Pendant plus de deux heures, La Tribune a pu avoir accès au service réanimation de l'hôpital de Rangueil. (Crédits : Rémi Benoit)
Depuis bientôt deux mois, les services de réanimation du CHU de Toulouse sont sur le pied de guerre pour faire face à l'afflux de patients lié à l'épidémie de Covid-19. Après le passage de la vague, La Tribune vous fait découvrir de l'intérieur l'unité Covid-19 au sein du service réanimation de l'hôpital de Rangueil.

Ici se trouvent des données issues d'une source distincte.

lemma card_reappearing_count_ge:
  assumes "finite A"
  shows "card {f \<in> {s..<s+m} \<rightarrow>\<^sub>E A. r \<le> reappearing_count f s m}
           \<le> (m choose r) * m ^ r * card A ^ (m - r)"
proof -
  define B where "B = {s..<s+m}"
  define F where "F J g = {f \<in> B \<rightarrow>\<^sub>E A. \<forall>j\<in>J. f j = f (g j)}" for J g
  define Js where "Js = {J. J \<subseteq> B \<and> card J = r}"
  have B: "finite B" "card B = m" unfolding B_def by auto
  have "{f \<in> B \<rightarrow>\<^sub>E A. r \<le> reappearing_count f s m} \<subseteq> (\<Union>J\<in>Js. \<Union>g\<in>J \<rightarrow>\<^sub>E B - J. F J g)"
  proof
    fix f assume f: "f \<in> {f \<in> B \<rightarrow>\<^sub>E A. r \<le> reappearing_count f s m}"
    then obtain J g where "J \<subseteq> B" "card J = r" "g \<in> J \<rightarrow> B - J" "\<forall>j\<in>J. f j = f (g j)"
      using reappearing_count_ge_obtain unfolding B_def by blast
    with f show "f \<in> (\<Union>J\<in>Js. \<Union>g\<in>J \<rightarrow>\<^sub>E B - J. F J g)"
      unfolding Js_def F_def by (intro UN_I[of J] UN_I[of "restrict g J"]) auto
  qed
  moreover have fin: "finite (J \<rightarrow>\<^sub>E B - J)" if "J \<in> Js" for J
    using that B unfolding Js_def by (intro finite_PiE) (auto intro: finite_subset)
  moreover have "finite (F J g)" for J g
    using B assms by (simp add: F_def finite_PiE)
  moreover have "finite Js" unfolding Js_def using B by auto
  ultimately have "card {f \<in> B \<rightarrow>\<^sub>E A. r \<le> reappearing_count f s m}
      \<le> card (\<Union>J\<in>Js. \<Union>g\<in>J \<rightarrow>\<^sub>E B - J. F J g)"
    by (intro card_mono) auto
  also have "\<dots> \<le> (\<Sum>J\<in>Js. card (\<Union>g\<in>J \<rightarrow>\<^sub>E B - J. F J g))" by (rule card_UN_le) fact
  also have "\<dots> \<le> (\<Sum>J\<in>Js. m ^ r * card A ^ (m - r))"
  proof (rule sum_mono)
    fix J assume J: "J \<in> Js"
    then have J_sub: "J \<subseteq> B" and card_J: "card J = r" unfolding Js_def by auto
    have "card (\<Union>g\<in>J \<rightarrow>\<^sub>E B - J. F J g) \<le> (\<Sum>g\<in>J \<rightarrow>\<^sub>E B - J. card (F J g))"
      using fin[OF J] by (rule card_UN_le)
    also have "\<dots> \<le> (\<Sum>g\<in>J \<rightarrow>\<^sub>E B - J. card A ^ (m - r))"
      using B J_sub card_J assms
      by (intro sum_mono) (auto simp: F_def intro: card_PiE_agreeing_le)
    also have "\<dots> = (m - r) ^ r * card A ^ (m - r)"
      using B J_sub card_J by (simp add: card_PiE card_Diff_subset finite_subset)
    also have "\<dots> \<le> m ^ r * card A ^ (m - r)" by (simp add: power_mono)
    finally show "card (\<Union>g\<in>J \<rightarrow>\<^sub>E B - J. F J g) \<le> m ^ r * card A ^ (m - r)" .
  qed
  also have "\<dots> = card Js * (m ^ r * card A ^ (m - r))" by simp
  also have "card Js = m choose r" using n_subsets[OF B(1), of r] B(2) by (simp add: Js_def)
  finally show ?thesis by (simp add: B_def mult.assoc)
qed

Reportage.

Pour se jeter "dans la gueule du loup", le port du masque est bien évidemment obligatoire. Une fois le sas d'entrée passé -par lequel chaque malade est pris en charge avant d'être affecté à une chambre- nous voilà en plein coeur d'un des services de réanimation du CHU de Toulouse, à l'hôpital de Rangueil. Mais en quelques minutes, la chaleur nous envahit et notre respiration est quelque peu gênée par ce tissu qui nous prend du haut du nez jusqu'au bas du menton.

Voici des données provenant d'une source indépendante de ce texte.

lemma private_neighbour_outside:
  assumes "S' \<subseteq> S" "v \<in> S'" "w \<in> S'" "w \<noteq> v" "v \<notin> strict_corners E S"
    and "nbh E S' v \<subset> nbh E S' w"
  shows "\<exists>x\<in>S - S'. (v, x) \<in> E \<and> (w, x) \<notin> E"
proof (rule ccontr)
  assume no_private: "\<not> ?thesis"
  have "nbh E S v \<subseteq> nbh E S w"
  proof
    fix y assume y: "y \<in> nbh E S v"
    show "y \<in> nbh E S w"
      by (cases "y \<in> S'") (use y assms(6) no_private in auto)
  qed
  moreover obtain y where "y \<in> nbh E S' w" "y \<notin> nbh E S' v"
    using assms(6) by blast
  then have "y \<in> nbh E S w" "y \<notin> nbh E S v"
    using assms(1) by auto
  ultimately have "nbh E S v \<subset> nbh E S w"
    by auto
  then show False
    using assms(1-5) by (auto simp: strict_corners_iff)
qed

section \<open>Corner ranking\<close>

lemma remaining_0 [simp]: "remaining V E 0 = V"
  by (simp add: remaining_def)

lemma remaining_Suc: "remaining V E (Suc k) = cr_step E (remaining V E k)"
  by (simp add: remaining_def)

lemma remaining_subset: "remaining V E k \<subseteq> V"
  by (induction k) (auto simp: remaining_Suc cr_step_def)

lemma remaining_stationary:
  assumes "cr_step E (remaining V E k) = remaining V E k"
  shows "remaining V E (k + i) = remaining V E k"
  using assms by (induction i) (auto simp: remaining_Suc)

lemma cop_win_clique_at_top:
  assumes "cop_win V E"
  shows "is_clique E (remaining V E (corner_rank V E - 1))"
  using assms unfolding cop_win_def corner_rank_def by (auto intro: LeastI_ex)

lemma remaining_Suc_below_top:
  assumes cw: "cop_win V E" and k: "Suc k < corner_rank V E"
  shows "remaining V E (Suc k) = remaining V E k - strict_corners E (remaining V E k)"
proof -
  have not_clique: "\<not> is_clique E (remaining V E k)"
    using k not_less_Least[of k "\<lambda>k. is_clique E (remaining V E k)"] by (simp add: corner_rank_def)
  moreover have "strict_corners E (remaining V E k) \<noteq> {}"
  proof
    assume "strict_corners E (remaining V E k) = {}"
    then have "remaining V E (k + (corner_rank V E - 1 - k)) = remaining V E k"
      by (intro remaining_stationary) (simp add: cr_step_def)
    then show False
      using cop_win_clique_at_top[OF cw] not_clique k by simp
  qed
  ultimately show ?thesis
    by (simp add: remaining_Suc cr_step_def)
qed

lemma rank_set_below_top:
  "1 \<le> i \<Longrightarrow> i < corner_rank V E \<Longrightarrow> rank_set V E i = strict_corners E (remaining V E (i - 1))"
  by (simp add: rank_set_def)

lemma rank_set_top: "rank_set V E (corner_rank V E) = remaining V E (corner_rank V E - 1)"
  by (simp add: rank_set_def corner_rank_def)

lemma length_rank_card_vector: "length (rank_card_vector V E) = corner_rank V E"
  by (simp add: rank_card_vector_def)

lemma rev_upt_nth:
  assumes "1 \<le> i" "i \<le> b"
  shows "rev [1..<Suc b] ! (b - i) = i"
proof -
  have "rev [1..<Suc b] ! (b - i) = [1..<Suc b] ! (length [1..<Suc b] - Suc (b - i))"
    by (rule rev_nth) (use assms in simp)
  also have "length [1..<Suc b] - Suc (b - i) = i - 1"
    using assms by simp
  also have "[1..<Suc b] ! (i - 1) = 1 + (i - 1)"
    by (rule nth_upt) (use assms in simp)
  finally show ?thesis
    using assms by simp
qed

lemma rank_card_vector_nth:
  assumes "1 \<le> i" "i \<le> corner_rank V E"
  shows "rank_card_vector V E ! (corner_rank V E - i) = card (rank_set V E i)"
proof -
  have "corner_rank V E - i < length (rev [1..<Suc (corner_rank V E)])"
    using assms by simp
  then show ?thesis
    unfolding rank_card_vector_def by (simp only: nth_map rev_upt_nth[OF assms])
qed

lemma length_vec_of [simp]: "length (vec_of \<alpha> x) = \<alpha>"
  by (simp add: vec_of_def)

lemma vec_of_nth:
  assumes "1 \<le> i" "i \<le> \<alpha>"
  shows "vec_of \<alpha> x ! (\<alpha> - i) = x i"
proof -
  have "\<alpha> - i < length (rev [1..<Suc \<alpha>])"
    using assms by simp
  then show ?thesis
    unfolding vec_of_def by (simp only: nth_map rev_upt_nth[OF assms])
qed

lemma card_rank_set_from_vector:
  assumes v: "rank_card_vector V E = ys @ vec_of \<alpha> x @ zs" and i: "1 \<le> i" "i \<le> \<alpha>"
  shows "card (rank_set V E (i + length zs)) = x i"
proof -
  have cr: "corner_rank V E = length ys + \<alpha> + length zs"
    using v length_rank_card_vector[of V E] by simp
  have "card (rank_set V E (i + length zs)) = (ys @ vec_of \<alpha> x @ zs) ! (length ys + (\<alpha> - i))"
    using rank_card_vector_nth[of "i + length zs" V E] i v unfolding cr by (simp add: algebra_simps)
  also have "\<dots> = vec_of \<alpha> x ! (\<alpha> - i)"
    using i by (simp only: nth_append_length_plus) (simp add: nth_append)
  also have "\<dots> = x i"
    using i by (rule vec_of_nth)
  finally show ?thesis .
qed

section \<open>Doubled paths\<close>

text \<open>The path on the positions \<open>lo..hi\<close> in which position \<open>J\<close> is occupied by two twin vertices
  (so \<open>J \<notin> {lo..hi}\<close> describes a plain path); \<open>pos\<close> places the vertices of \<open>S\<close>.\<close>

definition doubled_path :: "('a \<times> 'a) set \<Rightarrow> 'a set \<Rightarrow> int \<Rightarrow> int \<Rightarrow> int \<Rightarrow> ('a \<Rightarrow> int) \<Rightarrow> bool"
  where "doubled_path E S lo hi J pos \<longleftrightarrow>
    (\<forall>v\<in>S. lo \<le> pos v \<and> pos v \<le> hi) \<and>
    (\<forall>i. lo \<le> i \<and> i \<le> hi \<longrightarrow> card {v\<in>S. pos v = i} = (if i = J then 2 else 1)) \<and>
    (\<forall>u\<in>S. \<forall>v\<in>S. (u, v) \<in> E \<longleftrightarrow> \<bar>pos u - pos v\<bar> \<le> 1)"

lemma doubled_pathI:
  assumes "\<And>v. v \<in> S \<Longrightarrow> lo \<le> pos v \<and> pos v \<le> hi"
    and "\<And>i. lo \<le> i \<Longrightarrow> i \<le> hi \<Longrightarrow> card {v\<in>S. pos v = i} = (if i = J then 2 else 1)"
    and "\<And>u v. u \<in> S \<Longrightarrow> v \<in> S \<Longrightarrow> (u, v) \<in> E \<longleftrightarrow> \<bar>pos u - pos v\<bar> \<le> 1"
  shows "doubled_path E S lo hi J pos"
  unfolding doubled_path_def using assms by blast

context
  fixes E S lo hi J pos
  assumes P: "doubled_path E S lo hi J pos"
begin

lemma doubled_path_range: "v \<in> S \<Longrightarrow> lo \<le> pos v \<and> pos v \<le> hi"
  using P by (simp add: doubled_path_def)

lemma doubled_path_card_fibre:
  "lo \<le> i \<Longrightarrow> i \<le> hi \<Longrightarrow> card {v\<in>S. pos v = i} = (if i = J then 2 else 1)"
  using P by (simp add: doubled_path_def)

lemma doubled_path_adj: "u \<in> S \<Longrightarrow> v \<in> S \<Longrightarrow> (u, v) \<in> E \<longleftrightarrow> \<bar>pos u - pos v\<bar> \<le> 1"
  using P by (simp add: doubled_path_def)

lemma doubled_path_nbh: "v \<in> S \<Longrightarrow> nbh E S v = {w\<in>S. \<bar>pos v - pos w\<bar> \<le> 1}"
  using doubled_path_adj by auto

lemma doubled_path_fibre_nonempty:
  assumes "lo \<le> i" "i \<le> hi"
  obtains v where "v \<in> S" "pos v = i"
proof -
  have "{v\<in>S. pos v = i} \<noteq> {}"
    using doubled_path_card_fibre[OF assms] by (metis card.empty zero_neq_numeral zero_neq_one)
  then show ?thesis
    using that by blast
qed

lemma doubled_path_finite_fibre: "finite {v\<in>S. pos v = i}"
proof (cases "lo \<le> i \<and> i \<le> hi")
  case True
  then show ?thesis
    using doubled_path_card_fibre by (intro card_ge_0_finite) simp
next
  case False
  then have "{v\<in>S. pos v = i} = {}"
    by (auto dest: doubled_path_range)
  then show ?thesis
    by (metis finite.emptyI)
qed

lemma doubled_path_singleton_fibre:
  assumes "lo \<le> i" "i \<le> hi" "i \<noteq> J"
  shows "\<exists>v. {w\<in>S. pos w = i} = {v}"
  using doubled_path_card_fibre[OF assms(1,2)] assms(3) by (simp add: card_1_singleton_iff)

lemma doubled_path_card_two_fibres:
  assumes "a \<noteq> b"
  shows "card {v\<in>S. pos v = a \<or> pos v = b} = card {v\<in>S. pos v = a} + card {v\<in>S. pos v = b}"
proof -
  have "{v\<in>S. pos v = a \<or> pos v = b} = {v\<in>S. pos v = a} \<union> {v\<in>S. pos v = b}"
    by auto
  moreover have "{v\<in>S. pos v = a} \<inter> {v\<in>S. pos v = b} = {}"
    using assms by auto
  ultimately show ?thesis
    using card_Un_disjoint[OF doubled_path_finite_fibre doubled_path_finite_fibre] by simp
qed

lemma doubled_path_restrict:
  assumes "lo \<le> lo'" "hi' \<le> hi"
  shows "doubled_path E {v\<in>S. lo' \<le> pos v \<and> pos v \<le> hi'} lo' hi' J pos"
proof (rule doubled_pathI)
  fix i assume "lo' \<le> i" "i \<le> hi'"
  moreover have "{v\<in>{v\<in>S. lo' \<le> pos v \<and> pos v \<le> hi'}. pos v = i} = {v\<in>S. pos v = i}"
    using calculation by auto
  ultimately show "card {v\<in>{v\<in>S. lo' \<le> pos v \<and> pos v \<le> hi'}. pos v = i} = (if i = J then 2 else 1)"
    using assms doubled_path_card_fibre by simp
qed (use doubled_path_adj in auto)

lemma doubled_path_reflect: "doubled_path E S lo hi (lo + hi - J) (\<lambda>v. lo + hi - pos v)"
proof (rule doubled_pathI)
  fix i assume "lo \<le> i" "i \<le> hi"
  moreover have "{v\<in>S. lo + hi - pos v = i} = {v\<in>S. pos v = lo + hi - i}"
    by auto
  ultimately show "card {v\<in>S. lo + hi - pos v = i} = (if i = lo + hi - J then 2 else 1)"
    using doubled_path_card_fibre[of "lo + hi - i"] by auto
next
  fix u v assume "u \<in> S" "v \<in> S"
  then show "(u, v) \<in> E \<longleftrightarrow> \<bar>(lo + hi - pos u) - (lo + hi - pos v)\<bar> \<le> 1"
    using doubled_path_adj[of u v] by linarith
qed (use doubled_path_range in force)

lemma doubled_path_move_twins:
  assumes "J < lo \<or> hi < J" "J' < lo \<or> hi < J'"
  shows "doubled_path E S lo hi J' pos"
  using P assms unfolding doubled_path_def by auto

lemma doubled_path_clique:
  assumes "hi \<le> lo + 1"
  shows "is_clique E S"
  unfolding is_clique_def
proof (intro ballI)
  fix u v assume uv: "u \<in> S" "v \<in> S"
  then have "\<bar>pos u - pos v\<bar> \<le> 1"
    using doubled_path_range[of u] doubled_path_range[of v] assms by auto
  then show "(u, v) \<in> E"
    using doubled_path_adj[OF uv] by simp
qed

lemma doubled_path_not_clique:
  assumes "lo + 2 \<le> hi"
  shows "\<not> is_clique E S"
proof -
  obtain u where u: "u \<in> S" "pos u = lo"
    using assms doubled_path_fibre_nonempty[of lo] by auto
  obtain w where w: "w \<in> S" "pos w = lo + 2"
    using assms doubled_path_fibre_nonempty[of "lo + 2"] by auto
  have "(u, w) \<notin> E"
    using doubled_path_adj[OF u(1) w(1)] u w by simp
  then show ?thesis
    using u w unfolding is_clique_def by blast
qed

lemma doubled_path_nbh_end:
  assumes "{v\<in>S. pos v = lo} = {p}"
  shows "nbh E S p = insert p {v\<in>S. pos v = lo + 1}"
proof -
  have p: "p \<in> S" "pos p = lo"
    using assms by auto
  have "nbh E S p = {w\<in>S. pos w = lo} \<union> {w\<in>S. pos w = lo + 1}"
    using doubled_path_nbh[OF p(1)] p(2) doubled_path_range by fastforce
  then show ?thesis
    using assms by auto
qed

lemma doubled_path_end_dominated:
  assumes "v \<in> S" "pos v = lo" "w \<in> S" "pos w = lo + 1" "lo + 2 \<le> hi"
  shows "w \<noteq> v \<and> nbh E S v \<subset> nbh E S w"
proof -
  obtain u where "u \<in> S" "pos u = lo + 2"
    using assms(5) doubled_path_fibre_nonempty[of "lo + 2"] by auto
  then have "u \<in> nbh E S w - nbh E S v"
    using assms doubled_path_adj by auto
  moreover have "nbh E S v \<subseteq> nbh E S w"
    using assms doubled_path_nbh doubled_path_range by auto
  ultimately show ?thesis
    using assms by auto
qed

end

lemma doubled_path_strict_corners:
  assumes P: "doubled_path E S lo hi J pos" and wide: "lo + 2 \<le> hi"
  shows "strict_corners E S = {v\<in>S. pos v = lo \<or> pos v = hi}"
proof (intro equalityI subsetI)
  fix v assume v: "v \<in> strict_corners E S"
  then obtain w where w: "w \<in> S" "nbh E S v \<subset> nbh E S w"
    by (auto simp: strict_corners_iff)
  have vS: "v \<in> S"
    using v by (simp add: strict_corners_iff)
  show "v \<in> {v\<in>S. pos v = lo \<or> pos v = hi}"
  proof (rule ccontr)
    assume "v \<notin> {v\<in>S. pos v = lo \<or> pos v = hi}"
    then have "lo < pos v" "pos v < hi"
      using doubled_path_range[OF P vS] vS by auto
    obtain u1 where u1: "u1 \<in> S" "pos u1 = pos v - 1"
      using doubled_path_fibre_nonempty[OF P, of "pos v - 1"] \<open>lo < pos v\<close> \<open>pos v < hi\<close> by auto
    obtain u2 where u2: "u2 \<in> S" "pos u2 = pos v + 1"
      using doubled_path_fibre_nonempty[OF P, of "pos v + 1"] \<open>lo < pos v\<close> \<open>pos v < hi\<close> by auto
    have "u1 \<in> nbh E S v" "u2 \<in> nbh E S v"
      using u1 u2 vS doubled_path_adj[OF P] by auto
    then have "u1 \<in> nbh E S w" "u2 \<in> nbh E S w"
      using w(2) by blast+
    then have "(w, u1) \<in> E" "(w, u2) \<in> E"
      by auto
    then have "\<bar>pos w - pos u1\<bar> \<le> 1" "\<bar>pos w - pos u2\<bar> \<le> 1"
      using u1 u2 w(1) doubled_path_adj[OF P] by auto
    then have "pos w = pos v"
      using u1 u2 by linarith
    then have "nbh E S w = nbh E S v"
      using doubled_path_nbh[OF P] w(1) vS by simp
    then show False
      using w(2) by simp
  qed
next
  fix v assume v: "v \<in> {v\<in>S. pos v = lo \<or> pos v = hi}"
  show "v \<in> strict_corners E S"
  proof (cases "pos v = lo")
    case True
    obtain w where "w \<in> S" "pos w = lo + 1"
      using wide doubled_path_fibre_nonempty[OF P, of "lo + 1"] by auto
    then show ?thesis
      using v True wide doubled_path_end_dominated[OF P] unfolding strict_corners_iff by blast
  next
    case False
    obtain w where w: "w \<in> S" "pos w = hi - 1"
      using wide doubled_path_fibre_nonempty[OF P, of "hi - 1"] by auto
    have "lo + hi - pos v = lo" "lo + hi - pos w = lo + 1"
      using v False w by auto
    then show ?thesis
      using v w wide doubled_path_end_dominated[OF doubled_path_reflect[OF P]]
      unfolding strict_corners_iff by blast
  qed
qed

"Et là encore ce ne sont que des masques chirurgicaux...Les soignants ont eu beaucoup de mal à s'adapter aux masques de type FFP2, les plus protecteurs car les plus filtrants. Ils bloquent beaucoup plus la respiration et dans le feu de l'action cela peut être très désagréable", nous lâche une soignante qui a remarqué nos difficultés à nous ventiler.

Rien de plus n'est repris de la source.